The move did not sit well with the local population — and, it seems, with certain Greek officials. Soon after, Pacifico’s home was vandalized. Outraged, he wrote directly to Sir Edmund Lyons, Britain’s minister plenipotentiary to Greece. The complaint made its way to London, landing on the desk of Foreign Secretary Lord Henry Palmerston.

When diplomatic demands for compensation failed, Palmerston chose escalation. The British navy blockaded the Greek port of Piraeus, effectively paralyzing the Greek economy. What Britain neglected to consider — or chose to ignore — was that Greece was under the joint protection of Britain, France, and Russia. Paris and St. Petersburg were furious at the unilateral action.

Lesson for Trump:

True: Iran is no minor dispute. But unilateral action carries consequences. A move taken alone can alienate allies and provoke rivals like China and Russia. Trump likely understands this — and may simply not care.

The US Intervention in Nicaragua

Nicaragua, 1909–1912
Overview:

The American intervention in Nicaragua stands as a textbook example of how the United States historically exercised power south of its borders: comply, or be compelled to comply. President William Howard Taft concluded that Nicaragua’s interests — and America’s — were best served by granting concessions to US business interests.

The initial strategy was indirect. Washington financed opposition candidates to weaken President José Santos Zelaya.
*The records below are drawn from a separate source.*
lemma exists_maximal_path:
  assumes "finite V" "z \<in> V" "\<forall>e\<in>E. e \<subseteq> V"
  obtains c where "c \<noteq> []" "is_path E c" "set c \<subseteq> V" "neighbours E (last c) \<subseteq> set c"
proof -
  define P where "P c \<longleftrightarrow> c \<noteq> [] \<and> is_path E c \<and> set c \<subseteq> V" for c
  have "P [z]" unfolding P_def is_path_def using assms(2) by simp
  moreover have "length c < Suc (card V)" if "P c" for c
  proof -
    have "length c = card (set c)" using that unfolding P_def is_path_def by (simp add: distinct_card)
    also have "\<dots> \<le> card V" using that assms(1) unfolding P_def by (simp add: card_mono)
    finally show ?thesis by simp
  qed
  ultimately obtain c where c: "P c" and max: "\<forall>c'. P c' \<longrightarrow> length c' \<le> length c"
    using ex_has_greatest_nat[of P "[z]" length] by blast
  have "neighbours E (last c) \<subseteq> set c"
  proof
    fix u assume u: "u \<in> neighbours E (last c)"
    show "u \<in> set c"
    proof (rule ccontr)
      assume "u \<notin> set c"
      moreover have "u \<in> V" using u assms(3) unfolding neighbours_def by blast
      moreover have "is_path E (c @ [u])" using c u \<open>u \<notin> set c\<close> unfolding P_def by (intro is_path_snoc) auto
      ultimately have "P (c @ [u])" using c unfolding P_def by simp
      then have "length (c @ [u]) \<le> length c" using max by blast
      then show False by simp
    qed
  qed
  then show ?thesis using c that unfolding P_def by blast
qed

lemma closed_path_cycle_edge:
  assumes "is_path E c" "c \<noteq> []" "c ! 0 \<in> neighbours E (last c)" "i < length c"
  shows "c ! ((i + 1) mod length c) \<in> neighbours E (c ! i)"
proof (cases "Suc i < length c")
  case True
  then show ?thesis using assms(1) unfolding is_path_def neighbours_def by simp
next
  case False
  then have "i = length c - 1" using assms(4) by simp
  then show ?thesis using assms(2,3) by (simp add: last_conv_nth)
qed

context
  fixes E :: "'a set set"
  assumes ordinary: "\<And>e. e \<in> E \<Longrightarrow> card e = 2"
begin

lemma edge_eq_pair:
  assumes "e \<in> E" "a \<in> e"
  obtains b where "b \<in> neighbours E a" "e = {a, b}"
proof -
  obtain x y where xy: "e = {x, y}" using ordinary[OF assms(1)] unfolding card_2_iff by blast
  show ?thesis
  proof (cases "a = x")
    case True
    then show ?thesis using that[of y] xy assms(1) unfolding neighbours_def by simp
  next
    case False
    then have "a = y" using xy assms(2) by blast
    then show ?thesis using that[of x] xy assms(1) unfolding neighbours_def by (simp add: insert_commute)
  qed
qed

lemma neighbours_irrefl:
  assumes "u \<in> neighbours E v"
  shows "u \<noteq> v"
proof
  assume "u = v"
  then have "{v} \<in> E" using assms unfolding neighbours_def by simp
  then show False using ordinary by fastforce
qed

lemma degree_eq_card_neighbours: "degree E v = card (neighbours E v)"
proof -
  have "{e\<in>E. v \<in> e} = (\<lambda>u. {v, u}) ` neighbours E v"
  proof (intro equalityI subsetI)
    fix e assume "e \<in> {e\<in>E. v \<in> e}"
    then obtain u where "u \<in> neighbours E v" "e = {v, u}" using edge_eq_pair by blast
    then show "e \<in> (\<lambda>u. {v, u}) ` neighbours E v" by blast
  qed (auto simp: neighbours_def)
  moreover have "inj_on (\<lambda>u. {v, u}) (neighbours E v)"
    by (rule inj_onI) (auto simp: doubleton_eq_iff)
  ultimately show ?thesis unfolding degree_def by (simp add: card_image)
qed

lemma clique_neighbourhood_closed:
  assumes "finite (neighbours E z)"
    and clique: "\<And>x y. x \<in> neighbours E z \<Longrightarrow> y \<in> neighbours E z \<Longrightarrow> x \<noteq> y \<Longrightarrow> y \<in> neighbours E x"
    and same_degree: "\<And>a. a \<in> neighbours E z \<Longrightarrow> degree E a = degree E z"
    and a: "a \<in> insert z (neighbours E z)"
  shows "neighbours E a \<subseteq> insert z (neighbours E z)"
proof (cases "a = z")
  case False
  then have a: "a \<in> neighbours E z" using a by blast
  have "z \<in> neighbours E a" using a by (rule iffD1[OF neighbours_sym])
  moreover have "neighbours E z - {a} \<subseteq> neighbours E a" using clique[OF a] by blast
  ultimately have sub: "insert z (neighbours E z - {a}) \<subseteq> neighbours E a" by blast
  have pos: "0 < card (neighbours E z)" using assms(1) a by (auto simp: card_gt_0_iff)
  have "z \<notin> neighbours E z" using neighbours_irrefl by blast
  then have "card (insert z (neighbours E z - {a})) = card (neighbours E z)"
    using assms(1) a pos by simp
  also have card_eq: "\<dots> = card (neighbours E a)"
    using same_degree[OF a] by (simp add: degree_eq_card_neighbours)
  finally have card_same: "card (insert z (neighbours E z - {a})) = card (neighbours E a)" .
  have "finite (neighbours E a)" using card_eq pos by (intro card_ge_0_finite) simp
  then have "insert z (neighbours E z - {a}) = neighbours E a" using card_subset_eq sub card_same by blast
  then show ?thesis by blast
qed blast

lemma neighbour_closed_split:
  assumes edges: "\<forall>e\<in>E. e \<subseteq> V" and closed: "\<And>a. a \<in> A \<Longrightarrow> neighbours E a \<subseteq> A"
  shows "\<forall>e\<in>E. e \<subseteq> A \<or> e \<subseteq> V - A"
proof
  fix e assume e: "e \<in> E"
  show "e \<subseteq> A \<or> e \<subseteq> V - A"
  proof (cases "e \<inter> A = {}")
    case False
    then obtain a where a: "a \<in> e" "a \<in> A" by blast
    obtain b where "b \<in> neighbours E a" "e = {a, b}" using edge_eq_pair[OF e a(1)] .
    then show ?thesis using closed[OF a(2)] a(2) by blast
  qed (use e edges in blast)
qed

context
  fixes V :: "'a set"
  assumes regular: "\<And>v. v \<in> V \<Longrightarrow> card (neighbours E v) = 2"
begin

lemma neighbours_eq_pair:
  assumes "v \<in> V" "a \<in> neighbours E v" "b \<in> neighbours E v" "a \<noteq> b"
  shows "neighbours E v = {a, b}"
proof -
  have "finite (neighbours E v)" using regular[OF assms(1)] by (intro card_ge_0_finite) simp
  moreover have "{a, b} \<subseteq> neighbours E v" "card {a, b} = card (neighbours E v)"
    using assms regular[OF assms(1)] by auto
  ultimately have "{a, b} = neighbours E v" by (rule card_subset_eq)
  then show ?thesis by simp
qed

text \<open>In a 2-regular graph the last vertex of a maximal path has both neighbours on the path; the
  second one can only be the first vertex, since an inner vertex already has two path neighbours.\<close>

lemma maximal_path_closes:
  assumes c: "c \<noteq> []" "is_path E c" "set c \<subseteq> V" and max: "neighbours E (last c) \<subseteq> set c"
  shows "3 \<le> length c \<and> c ! 0 \<in> neighbours E (last c)"
proof -
  define n where "n = length c"
  define t where "t = last c"
  have t: "t = c ! (n - 1)" "t \<in> V" using c unfolding t_def n_def by (auto simp: last_conv_nth)
  have edge: "c ! Suc i \<in> neighbours E (c ! i)" if "Suc i < n" for i
    using c(2) that unfolding is_path_def n_def neighbours_def by blast
  have index_eq: "c ! i = c ! j \<longleftrightarrow> i = j" if "i < n" "j < n" for i j
    using c(2) that unfolding is_path_def n_def by (simp add: nth_eq_iff_index_eq)
  have "\<not> neighbours E t \<subseteq> {c ! (n - 2)}"
  proof
    assume "neighbours E t \<subseteq> {c ! (n - 2)}"
    then have "card (neighbours E t) \<le> 1" using card_mono[of "{c ! (n - 2)}"] by fastforce
    then show False using regular[OF t(2)] by simp
  qed
  then obtain u where u: "u \<in> neighbours E t" "u \<noteq> c ! (n - 2)" by blast
  then have "u \<in> set c" using max unfolding t_def by blast
  then obtain j where "j < n" "u = c ! j" unfolding n_def by (auto simp: in_set_conv_nth)
  then have j: "j < n" "c ! j \<in> neighbours E t" "j \<noteq> n - 2" using u by auto
  have "j \<noteq> n - 1" using neighbours_irrefl[OF j(2)] t(1) by blast
  then have "j + 2 < n" using j(1,3) by linarith
  have "j = 0"
  proof (rule ccontr)
    assume "j \<noteq> 0"
    have cjV: "c ! j \<in> V" using c(3) j(1) unfolding n_def by auto
    have "c ! j \<in> neighbours E (c ! (j - 1))" using edge[of "j - 1"] \<open>j \<noteq> 0\<close> j(1) by simp
    then have "c ! (j - 1) \<in> neighbours E (c ! j)" by (rule iffD1[OF neighbours_sym])
    moreover have "c ! (j + 1) \<in> neighbours E (c ! j)" using edge[of j] \<open>j + 2 < n\<close> by simp
    moreover have "c ! (j - 1) \<noteq> c ! (j + 1)" using index_eq[of "j - 1" "j + 1"] \<open>j + 2 < n\<close> by simp
    ultimately have "neighbours E (c ! j) = {c ! (j - 1), c ! (j + 1)}"
      by (rule neighbours_eq_pair[OF cjV])
    moreover have "t \<in> neighbours E (c ! j)" using j(2) by (rule iffD1[OF neighbours_sym])
    ultimately have "c ! (n - 1) = c ! (j - 1) \<or> c ! (n - 1) = c ! (j + 1)" using t(1) by simp
    moreover have lt: "n - 1 < n" "j - 1 < n" "j + 1 < n" using \<open>j + 2 < n\<close> by linarith+
    ultimately have "n - 1 = j - 1 \<or> n - 1 = j + 1" using index_eq[OF lt(1,2)] index_eq[OF lt(1,3)] by blast
    then show False using \<open>j + 2 < n\<close> \<open>j \<noteq> 0\<close> by linarith
  qed
  then show ?thesis using j(2) \<open>j + 2 < n\<close> unfolding t_def n_def by simp
qed

lemma closed_path_neighbours:
  assumes c: "is_path E c" "set c \<subseteq> V" "3 \<le> length c" "c ! 0 \<in> neighbours E (last c)"
    and i: "i < length c"
  shows "neighbours E (c ! i) \<subseteq> {c ! j | j. j < length c \<and> (j = (i + 1) mod length c \<or> i = (j + 1) mod length c)}"
    (is "_ \<subseteq> ?S")
proof -
  define n where "n = length c"
  define s where "s = (i + 1) mod n"
  define p where "p = (if i = 0 then n - 1 else i - 1)"
  have "c \<noteq> []" using c(3) by auto
  then have s: "s < n" unfolding s_def n_def by simp
  have p: "p < n" "(p + 1) mod n = i" "p \<noteq> s"
    using i c(3) unfolding p_def s_def n_def by (auto simp: mod_Suc)
  have s_nb: "c ! s \<in> neighbours E (c ! i)"
    using closed_path_cycle_edge[OF c(1) \<open>c \<noteq> []\<close> c(4) i] unfolding s_def n_def .
  have "c ! i \<in> neighbours E (c ! p)"
    using closed_path_cycle_edge[OF c(1) \<open>c \<noteq> []\<close> c(4), of p] p unfolding n_def by simp
  then have p_nb: "c ! p \<in> neighbours E (c ! i)" by (rule iffD1[OF neighbours_sym])
  have "distinct c" using c(1) unfolding is_path_def by blast
  then have "c ! s \<noteq> c ! p" using s p unfolding n_def by (simp add: nth_eq_iff_index_eq)
  then have "neighbours E (c ! i) = {c ! s, c ! p}"
    using c(2) i by (intro neighbours_eq_pair[OF _ s_nb p_nb]) auto
  moreover have "c ! s \<in> ?S" by (intro CollectI exI[of _ s] conjI) (use s in \<open>simp_all add: s_def n_def\<close>)
  moreover have "c ! p \<in> ?S" by (intro CollectI exI[of _ p] conjI) (use p in \<open>simp_all add: n_def\<close>)
  ultimately show ?thesis by simp
qed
When that failed, the second, more familiar phase began. US warships appeared off Nicaragua’s coast, and after sustained pressure and explicit military threats, Zelaya chose exile in Mexico.

The United States succeeded in installing a series of friendly governments — but at a cost. Naval intimidation alone proved insufficient. American troops were eventually deployed on Nicaraguan soil to suppress revolts and maintain order, entangling the US in prolonged instability.

Lesson for Trump:

Gunboat diplomacy can be effective at toppling governments — but is disastrous at maintaining stability. Direct intervention often requires prolonged occupation, or “boots on the ground,” a commitment Trump’s own MAGA base tends to reject.

The Agadir Crisis

Morocco, 1911
Overview:

Today’s moralizing powers once carved up continents from behind polished desks. Nowhere was this more evident than in Africa. France, deeply invested in North Africa, moved to stabilize Morocco after a rebellion threatened its influence.

Germany, wary of French expansion, responded with a provocation. The gunboat SMS Panther was dispatched to the Moroccan port of Agadir, a calculated challenge to French dominance. Germany itself was sliding toward the catastrophe of World War I, but could not afford to appear weak.

The crisis ended in a familiar fashion. Germany accepted French control over Morocco in exchange for territorial concessions in the Congo. It was, in essence, a grand bluff — an imperial bargaining chip traded without any input from Moroccans or Congolese, who, as was the minhag, were never invited to the discussion.

Lesson for Trump:

Be careful. A naval display aimed at Iran may prompt rivals to seek compensation elsewhere — on entirely different maps.

The Great White Fleet

Global, 1907–1909
Overview:

In 1907, President Theodore Roosevelt decided to send 16 American battleships on a global tour. There was no immediate enemy. The mission was symbolic: to demonstrate to Japan, and especially to European powers, that the United States could project naval power across every ocean on Earth.

Like a modern missile parade in Pyongyang, the voyage was a statement of reach and dominance. No shots were fired, yet the message was unmistakable. The United States had arrived as a global power — and intended to stay.

Lesson for Trump:

The most effective intimidation is the one that never fires a shot. If the current deployment against Iran remains a demonstration of capability rather than the opening move of a war of attrition, the message of power may be clearer — and more durable — than any bombing campaign.